_What to produce:_ Search the listing below for the string "False", then copy every line it appears in.

*** Begin section ***

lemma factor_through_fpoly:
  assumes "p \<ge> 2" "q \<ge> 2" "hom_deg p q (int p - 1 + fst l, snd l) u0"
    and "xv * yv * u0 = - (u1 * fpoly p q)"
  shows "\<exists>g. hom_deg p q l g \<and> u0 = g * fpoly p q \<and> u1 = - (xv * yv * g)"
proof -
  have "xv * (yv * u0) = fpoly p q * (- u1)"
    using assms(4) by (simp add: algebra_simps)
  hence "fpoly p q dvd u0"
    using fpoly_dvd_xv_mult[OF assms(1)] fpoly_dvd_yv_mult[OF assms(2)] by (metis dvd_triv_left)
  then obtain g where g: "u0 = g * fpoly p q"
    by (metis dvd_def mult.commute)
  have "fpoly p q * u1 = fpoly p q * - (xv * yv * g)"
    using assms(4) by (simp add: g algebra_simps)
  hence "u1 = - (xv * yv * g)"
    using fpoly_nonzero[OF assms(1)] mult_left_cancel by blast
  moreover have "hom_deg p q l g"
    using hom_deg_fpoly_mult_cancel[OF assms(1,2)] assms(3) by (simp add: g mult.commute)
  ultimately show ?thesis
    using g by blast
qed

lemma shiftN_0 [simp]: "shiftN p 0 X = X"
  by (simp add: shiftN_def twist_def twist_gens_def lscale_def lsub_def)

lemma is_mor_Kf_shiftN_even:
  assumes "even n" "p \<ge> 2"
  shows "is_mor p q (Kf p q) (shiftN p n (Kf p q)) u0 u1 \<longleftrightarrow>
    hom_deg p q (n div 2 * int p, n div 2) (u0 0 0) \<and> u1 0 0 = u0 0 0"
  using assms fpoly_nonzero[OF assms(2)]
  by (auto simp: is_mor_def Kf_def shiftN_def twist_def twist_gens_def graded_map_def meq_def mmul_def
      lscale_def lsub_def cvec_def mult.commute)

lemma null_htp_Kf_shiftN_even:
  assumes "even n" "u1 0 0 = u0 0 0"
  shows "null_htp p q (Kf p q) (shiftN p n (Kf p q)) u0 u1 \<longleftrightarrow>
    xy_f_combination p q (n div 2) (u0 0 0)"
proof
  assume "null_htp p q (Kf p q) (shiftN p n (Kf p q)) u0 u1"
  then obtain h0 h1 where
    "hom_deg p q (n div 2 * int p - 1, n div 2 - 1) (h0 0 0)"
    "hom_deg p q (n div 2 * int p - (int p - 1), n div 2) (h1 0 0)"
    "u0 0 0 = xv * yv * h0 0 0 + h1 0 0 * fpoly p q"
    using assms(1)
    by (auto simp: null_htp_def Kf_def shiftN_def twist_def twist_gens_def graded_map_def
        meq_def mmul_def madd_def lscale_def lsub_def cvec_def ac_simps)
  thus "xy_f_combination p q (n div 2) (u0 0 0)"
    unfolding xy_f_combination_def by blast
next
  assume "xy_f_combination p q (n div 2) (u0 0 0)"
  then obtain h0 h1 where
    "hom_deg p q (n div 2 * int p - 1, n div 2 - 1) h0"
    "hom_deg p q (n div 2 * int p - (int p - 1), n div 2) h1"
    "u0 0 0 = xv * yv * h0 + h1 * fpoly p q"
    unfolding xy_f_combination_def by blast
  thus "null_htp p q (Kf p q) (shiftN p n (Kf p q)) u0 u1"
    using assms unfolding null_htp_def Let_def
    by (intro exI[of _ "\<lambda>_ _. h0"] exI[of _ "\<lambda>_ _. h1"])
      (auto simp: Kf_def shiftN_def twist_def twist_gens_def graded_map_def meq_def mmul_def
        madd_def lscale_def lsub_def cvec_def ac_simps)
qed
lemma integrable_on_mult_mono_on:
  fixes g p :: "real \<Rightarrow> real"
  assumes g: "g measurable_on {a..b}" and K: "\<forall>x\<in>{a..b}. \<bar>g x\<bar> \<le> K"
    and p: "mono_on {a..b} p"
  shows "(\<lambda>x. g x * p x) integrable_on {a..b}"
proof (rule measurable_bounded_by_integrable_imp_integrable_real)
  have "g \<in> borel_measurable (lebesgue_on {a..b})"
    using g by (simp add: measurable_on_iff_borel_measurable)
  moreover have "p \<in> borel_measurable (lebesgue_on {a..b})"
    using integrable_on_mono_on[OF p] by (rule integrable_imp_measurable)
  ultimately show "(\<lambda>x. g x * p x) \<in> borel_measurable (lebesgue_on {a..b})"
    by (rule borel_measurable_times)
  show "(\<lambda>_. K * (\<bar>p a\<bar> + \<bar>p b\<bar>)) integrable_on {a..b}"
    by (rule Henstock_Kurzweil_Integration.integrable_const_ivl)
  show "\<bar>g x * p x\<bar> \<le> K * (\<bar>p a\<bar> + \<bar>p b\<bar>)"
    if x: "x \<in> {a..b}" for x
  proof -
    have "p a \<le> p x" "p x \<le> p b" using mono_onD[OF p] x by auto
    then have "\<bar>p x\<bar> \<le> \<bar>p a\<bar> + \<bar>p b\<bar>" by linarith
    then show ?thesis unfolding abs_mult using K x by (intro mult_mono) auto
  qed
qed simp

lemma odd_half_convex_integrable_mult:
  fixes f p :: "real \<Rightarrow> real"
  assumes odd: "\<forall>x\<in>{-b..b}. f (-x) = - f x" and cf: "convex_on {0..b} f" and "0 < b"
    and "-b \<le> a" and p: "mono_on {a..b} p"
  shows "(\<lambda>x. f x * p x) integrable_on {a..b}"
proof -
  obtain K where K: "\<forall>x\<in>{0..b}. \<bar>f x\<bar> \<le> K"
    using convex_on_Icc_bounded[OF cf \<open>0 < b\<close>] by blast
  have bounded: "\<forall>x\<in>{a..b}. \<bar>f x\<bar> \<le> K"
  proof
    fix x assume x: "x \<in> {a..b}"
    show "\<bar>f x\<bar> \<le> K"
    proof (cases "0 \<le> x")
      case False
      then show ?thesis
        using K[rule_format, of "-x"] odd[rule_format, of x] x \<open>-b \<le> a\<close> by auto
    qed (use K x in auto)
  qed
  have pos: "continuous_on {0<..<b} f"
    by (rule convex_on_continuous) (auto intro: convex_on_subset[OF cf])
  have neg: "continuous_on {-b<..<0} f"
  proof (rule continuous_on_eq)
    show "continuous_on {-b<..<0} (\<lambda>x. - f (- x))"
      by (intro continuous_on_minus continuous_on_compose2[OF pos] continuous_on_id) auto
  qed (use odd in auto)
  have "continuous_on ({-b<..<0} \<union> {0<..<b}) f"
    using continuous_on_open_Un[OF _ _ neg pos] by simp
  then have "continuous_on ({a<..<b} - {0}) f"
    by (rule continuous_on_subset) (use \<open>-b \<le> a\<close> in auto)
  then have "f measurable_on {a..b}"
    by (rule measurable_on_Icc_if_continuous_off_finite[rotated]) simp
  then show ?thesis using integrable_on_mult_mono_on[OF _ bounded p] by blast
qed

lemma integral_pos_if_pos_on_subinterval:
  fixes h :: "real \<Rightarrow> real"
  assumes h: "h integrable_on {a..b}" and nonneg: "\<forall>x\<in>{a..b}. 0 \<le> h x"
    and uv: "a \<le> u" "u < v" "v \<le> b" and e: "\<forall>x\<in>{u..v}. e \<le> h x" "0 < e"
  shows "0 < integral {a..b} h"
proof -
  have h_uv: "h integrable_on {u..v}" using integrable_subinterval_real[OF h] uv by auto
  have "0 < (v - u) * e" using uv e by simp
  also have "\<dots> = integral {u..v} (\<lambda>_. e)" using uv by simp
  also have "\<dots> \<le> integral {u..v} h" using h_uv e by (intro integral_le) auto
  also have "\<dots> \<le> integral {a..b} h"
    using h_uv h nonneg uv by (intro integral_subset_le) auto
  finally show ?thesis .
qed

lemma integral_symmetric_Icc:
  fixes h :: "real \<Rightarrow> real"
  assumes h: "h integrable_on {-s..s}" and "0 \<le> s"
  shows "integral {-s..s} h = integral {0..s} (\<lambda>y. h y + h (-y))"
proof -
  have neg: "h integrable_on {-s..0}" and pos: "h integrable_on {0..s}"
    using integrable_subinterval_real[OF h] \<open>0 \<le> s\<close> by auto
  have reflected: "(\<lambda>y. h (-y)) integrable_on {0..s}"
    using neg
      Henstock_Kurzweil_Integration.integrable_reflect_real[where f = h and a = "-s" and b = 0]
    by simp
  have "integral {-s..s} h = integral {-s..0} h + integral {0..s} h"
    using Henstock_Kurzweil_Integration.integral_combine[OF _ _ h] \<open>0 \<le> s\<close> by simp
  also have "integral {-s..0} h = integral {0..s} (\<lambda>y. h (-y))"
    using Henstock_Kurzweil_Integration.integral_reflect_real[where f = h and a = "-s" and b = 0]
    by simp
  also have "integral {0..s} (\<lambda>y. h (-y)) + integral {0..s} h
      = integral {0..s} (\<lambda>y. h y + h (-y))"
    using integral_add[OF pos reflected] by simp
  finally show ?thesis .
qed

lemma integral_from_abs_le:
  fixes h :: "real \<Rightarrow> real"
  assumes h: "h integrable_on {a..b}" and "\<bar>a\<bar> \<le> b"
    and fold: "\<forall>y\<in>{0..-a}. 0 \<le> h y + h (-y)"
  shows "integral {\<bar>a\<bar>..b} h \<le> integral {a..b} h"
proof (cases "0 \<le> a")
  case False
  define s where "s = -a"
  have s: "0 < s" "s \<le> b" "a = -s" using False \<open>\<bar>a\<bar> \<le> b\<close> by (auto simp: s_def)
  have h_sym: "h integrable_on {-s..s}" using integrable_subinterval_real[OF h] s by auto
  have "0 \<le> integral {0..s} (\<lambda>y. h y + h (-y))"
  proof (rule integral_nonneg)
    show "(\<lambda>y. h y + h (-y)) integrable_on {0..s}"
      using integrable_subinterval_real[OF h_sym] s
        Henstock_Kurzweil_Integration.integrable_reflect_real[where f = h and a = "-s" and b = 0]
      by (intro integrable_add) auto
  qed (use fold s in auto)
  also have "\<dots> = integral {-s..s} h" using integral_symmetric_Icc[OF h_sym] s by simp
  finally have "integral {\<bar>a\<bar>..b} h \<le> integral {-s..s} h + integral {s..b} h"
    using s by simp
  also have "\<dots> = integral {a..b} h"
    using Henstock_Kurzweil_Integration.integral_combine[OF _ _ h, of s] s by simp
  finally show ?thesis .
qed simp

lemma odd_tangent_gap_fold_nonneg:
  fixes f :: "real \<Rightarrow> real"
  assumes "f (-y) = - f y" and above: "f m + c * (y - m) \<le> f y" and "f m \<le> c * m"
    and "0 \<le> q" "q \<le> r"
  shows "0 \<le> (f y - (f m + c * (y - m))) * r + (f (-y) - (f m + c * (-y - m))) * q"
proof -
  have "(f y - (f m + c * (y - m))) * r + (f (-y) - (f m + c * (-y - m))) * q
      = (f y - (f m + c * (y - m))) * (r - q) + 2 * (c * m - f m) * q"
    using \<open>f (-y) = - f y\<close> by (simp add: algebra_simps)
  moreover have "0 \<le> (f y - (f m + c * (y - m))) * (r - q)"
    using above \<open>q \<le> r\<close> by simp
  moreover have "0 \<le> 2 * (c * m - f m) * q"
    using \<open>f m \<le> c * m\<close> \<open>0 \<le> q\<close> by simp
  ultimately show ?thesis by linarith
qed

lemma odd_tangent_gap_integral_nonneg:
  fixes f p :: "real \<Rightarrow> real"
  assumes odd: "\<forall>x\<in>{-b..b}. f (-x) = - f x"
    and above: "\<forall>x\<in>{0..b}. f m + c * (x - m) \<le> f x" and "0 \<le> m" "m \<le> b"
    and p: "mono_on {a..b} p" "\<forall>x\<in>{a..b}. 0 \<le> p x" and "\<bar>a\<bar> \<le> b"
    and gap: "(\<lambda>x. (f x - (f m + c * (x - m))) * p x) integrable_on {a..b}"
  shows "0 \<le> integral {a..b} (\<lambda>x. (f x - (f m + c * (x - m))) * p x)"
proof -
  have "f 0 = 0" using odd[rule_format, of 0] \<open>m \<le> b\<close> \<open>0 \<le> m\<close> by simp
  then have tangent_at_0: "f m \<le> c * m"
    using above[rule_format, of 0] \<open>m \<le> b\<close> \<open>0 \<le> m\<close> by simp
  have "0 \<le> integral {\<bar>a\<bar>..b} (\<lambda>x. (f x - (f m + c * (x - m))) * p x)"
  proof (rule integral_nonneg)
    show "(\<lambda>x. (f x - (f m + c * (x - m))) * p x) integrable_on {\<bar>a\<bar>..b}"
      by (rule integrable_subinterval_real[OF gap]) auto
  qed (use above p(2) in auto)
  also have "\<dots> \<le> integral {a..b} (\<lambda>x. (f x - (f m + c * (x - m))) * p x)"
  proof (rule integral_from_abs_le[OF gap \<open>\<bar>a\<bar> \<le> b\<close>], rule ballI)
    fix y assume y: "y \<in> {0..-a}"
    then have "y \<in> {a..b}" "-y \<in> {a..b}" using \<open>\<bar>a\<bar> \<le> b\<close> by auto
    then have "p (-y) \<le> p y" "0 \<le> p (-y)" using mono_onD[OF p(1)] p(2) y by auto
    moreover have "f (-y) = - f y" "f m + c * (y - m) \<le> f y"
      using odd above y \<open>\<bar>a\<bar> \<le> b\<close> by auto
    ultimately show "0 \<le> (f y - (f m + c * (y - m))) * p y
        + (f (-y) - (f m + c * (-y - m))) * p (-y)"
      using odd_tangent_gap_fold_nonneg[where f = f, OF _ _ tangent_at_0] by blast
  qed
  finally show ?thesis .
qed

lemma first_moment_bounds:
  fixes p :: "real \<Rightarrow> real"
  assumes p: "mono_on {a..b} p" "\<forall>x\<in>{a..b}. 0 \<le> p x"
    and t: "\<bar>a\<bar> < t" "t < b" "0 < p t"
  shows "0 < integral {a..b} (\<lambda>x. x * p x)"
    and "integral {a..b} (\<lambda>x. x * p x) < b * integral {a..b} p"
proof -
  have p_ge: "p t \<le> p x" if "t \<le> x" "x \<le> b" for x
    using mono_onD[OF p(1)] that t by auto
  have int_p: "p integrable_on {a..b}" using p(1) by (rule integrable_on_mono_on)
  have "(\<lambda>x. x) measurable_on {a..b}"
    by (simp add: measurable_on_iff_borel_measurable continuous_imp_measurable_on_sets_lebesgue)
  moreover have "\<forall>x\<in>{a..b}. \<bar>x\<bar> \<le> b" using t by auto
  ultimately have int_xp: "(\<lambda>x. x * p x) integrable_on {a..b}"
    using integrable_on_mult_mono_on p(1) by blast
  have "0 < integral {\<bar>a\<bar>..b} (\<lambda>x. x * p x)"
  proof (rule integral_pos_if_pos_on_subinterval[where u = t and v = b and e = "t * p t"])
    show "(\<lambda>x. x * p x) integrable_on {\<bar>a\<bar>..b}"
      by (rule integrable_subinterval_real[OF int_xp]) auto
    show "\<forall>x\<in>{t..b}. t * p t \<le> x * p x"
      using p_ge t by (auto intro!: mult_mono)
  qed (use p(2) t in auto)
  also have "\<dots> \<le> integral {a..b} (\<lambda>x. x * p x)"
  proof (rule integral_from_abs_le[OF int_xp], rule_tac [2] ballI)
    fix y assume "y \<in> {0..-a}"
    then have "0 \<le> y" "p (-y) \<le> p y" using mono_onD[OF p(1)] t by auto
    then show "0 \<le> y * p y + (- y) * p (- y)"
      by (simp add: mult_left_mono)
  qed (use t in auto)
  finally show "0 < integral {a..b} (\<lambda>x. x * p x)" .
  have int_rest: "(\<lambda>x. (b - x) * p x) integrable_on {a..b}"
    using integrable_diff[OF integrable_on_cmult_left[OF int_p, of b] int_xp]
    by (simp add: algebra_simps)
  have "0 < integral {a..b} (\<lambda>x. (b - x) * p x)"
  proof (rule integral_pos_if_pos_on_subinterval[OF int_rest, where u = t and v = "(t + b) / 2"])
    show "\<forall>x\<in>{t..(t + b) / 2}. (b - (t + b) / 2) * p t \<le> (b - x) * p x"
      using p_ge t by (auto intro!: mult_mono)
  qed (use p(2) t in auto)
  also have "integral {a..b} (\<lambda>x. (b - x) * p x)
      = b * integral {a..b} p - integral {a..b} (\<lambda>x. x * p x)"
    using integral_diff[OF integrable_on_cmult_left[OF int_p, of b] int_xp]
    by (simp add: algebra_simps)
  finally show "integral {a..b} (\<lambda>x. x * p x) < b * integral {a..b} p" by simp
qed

*** End section ***

_Worked solution:_
      case False
  case False
  have s: "0 < s" "s \<le> b" "a = -s" using False \<open>\<bar>a\<bar> \<le> b\<close> by (auto simp: s_def)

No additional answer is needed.